# AI Projects Growth Rate

## Table of Contents
- [Introduction](#introduction)
- [Database Connection](#connect-to-the-augur-database)
- [Load the Repositories](#load-the-urls-of-ai-repositories)
- [Retrieve Repository IDs](#retrieve-the-repository-ids-and-the-repository-names)
- [Fetch the Contribution Data](#fetch-the-contribution-data)
  - [Pull Request Contribution Data](#pull-request-contribution-data)
  - [Commit Contribution Data](#commit-contribution-data)
  - [Issue Contribution Data](#issue-contribution-data)
  - [Pull Request Review Contribution Data](#pull-request-review-contribution-data)
  - [Message Contribution Data](#message-contribution-data)

## Introduction

In this notebook, we will try to perform growth rate analysis of various AI/ML projects by considering different types of contributions like pull requests, commits, messages, issues, reviews etc.

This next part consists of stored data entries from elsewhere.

lemma IJ_prime_uniform:
  assumes N: "module R N" and I: "ideal I R" and J: "ideal J R" and prime: "IJ_prime R N I J"
  shows "(\<forall>u\<in>carrier N. ideal_kills N (I \<cdot>\<^bsub>R\<^esub> J) u \<longrightarrow> ideal_kills N I u) \<or>
         (\<forall>u\<in>carrier N. ideal_kills N (I \<cdot>\<^bsub>R\<^esub> J) u \<longrightarrow> ideal_kills N J u)"
proof (rule ccontr)
  interpret module R N by fact
  let ?K = "I \<cdot>\<^bsub>R\<^esub> J"
  have carr: "I \<subseteq> carrier R" "J \<subseteq> carrier R" "?K \<subseteq> carrier R"
    using I J ideal_prod_in_carrier by (auto dest: ideal.Icarr)
  assume "\<not> ?thesis"
  then obtain u v where u: "u \<in> carrier N" "ideal_kills N ?K u" "\<not> ideal_kills N I u"
    and v: "v \<in> carrier N" "ideal_kills N ?K v" "\<not> ideal_kills N J v" by blast
  have uJ: "ideal_kills N J u" and vI: "ideal_kills N I v"
    using prime u v unfolding IJ_prime_def by blast+
  have "ideal_kills N ?K (u \<oplus>\<^bsub>N\<^esub> v)" by (rule ideal_kills_add[OF N carr(3) u(1) v(1) u(2) v(2)])
  then have "ideal_kills N I (u \<oplus>\<^bsub>N\<^esub> v) \<or> ideal_kills N J (v \<oplus>\<^bsub>N\<^esub> u)"
    using prime u(1) v(1) unfolding IJ_prime_def by (simp add: M.a_comm)
  then show False
    using ideal_kills_add_cancel[OF N carr(1) u(1) v(1) _ vI] u(3)
      ideal_kills_add_cancel[OF N carr(2) v(1) u(1) _ uJ] v(3) by blast
qed

theorem mainTheorem7:
  fixes R :: "'a ring" and N :: "('a, 'n) module" and I J :: "'a set"
  assumes "cring R"
    and "ideal I R" and "ideal J R"
    and "module R N"
    and "injective_module TYPE(('a + 'n) set) R N"
    and "cogenerator_module TYPE(('a + 'n) set) R N"
  shows "(I_reduced R N I \<longrightarrow> I_coreduced R N I) \<and>
         (IJ_prime R N I J \<longrightarrow> IJ_coprime R N I J)"
proof -
  interpret module R N by fact
  have I: "I \<subseteq> carrier R" and J: "J \<subseteq> carrier R"
    using assms(2,3) by (auto dest: ideal.Icarr)
  have II: "I \<cdot>\<^bsub>R\<^esub> I \<subseteq> I" and IJ: "I \<cdot>\<^bsub>R\<^esub> J \<subseteq> I" "I \<cdot>\<^bsub>R\<^esub> J \<subseteq> J"
    using ideal_prod_inter assms(2,3) by blast+
  note eq = cogenerator_ideal_module_eq[OF assms(4,6)]
  have "I_coreduced R N I" if "I_reduced R N I"
    using eq[OF II I] that unfolding I_reduced_def I_coreduced_def by simp
  moreover have "IJ_coprime R N I J" if "IJ_prime R N I J"
    using IJ_prime_uniform[OF assms(4,2,3) that] eq[OF IJ(1) I] eq[OF IJ(2) J]
    unfolding IJ_coprime_def by blast
  ultimately show ?thesis by blast
qed

end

We will first start by fetching the contribution data for various types and merge them into a singl dataset and in the later part, we will apply the formulas or the models described in this [document](https://docs.google.com/document/d/1ZkPCLNq5UBHrhTNIgAta9cFqevk2rVZ5Vxl9jNuRbQc/edit?usp=sharing).

In [1]:
# importing the required libraries

import json
import pandas as pd
from sqlalchemy import create_engine, text

## Connect to the Augur database

In [2]:
# Opening the JSON file containing database credentials and loading it into a dictionary
with open("data/il_ai_creds.json") as config_file:
    config = json.load(config_file)
    
# Creating a PostgreSQL database connection string using the credentials from the JSON file
database_connection_string = 'postgresql+psycopg2://{}:{}@{}:{}/{}'.format(
    config['user'],        # Username
    config['password'],    # Password
    config['host'],        # Hostname
    config['port'],        # Port number
    config['database']     # Database name
)

# Assigning the connection string to a variable
connection_string = database_connection_string

# Creating a SQLAlchemy engine using the connection string
engine = create_engine(connection_string)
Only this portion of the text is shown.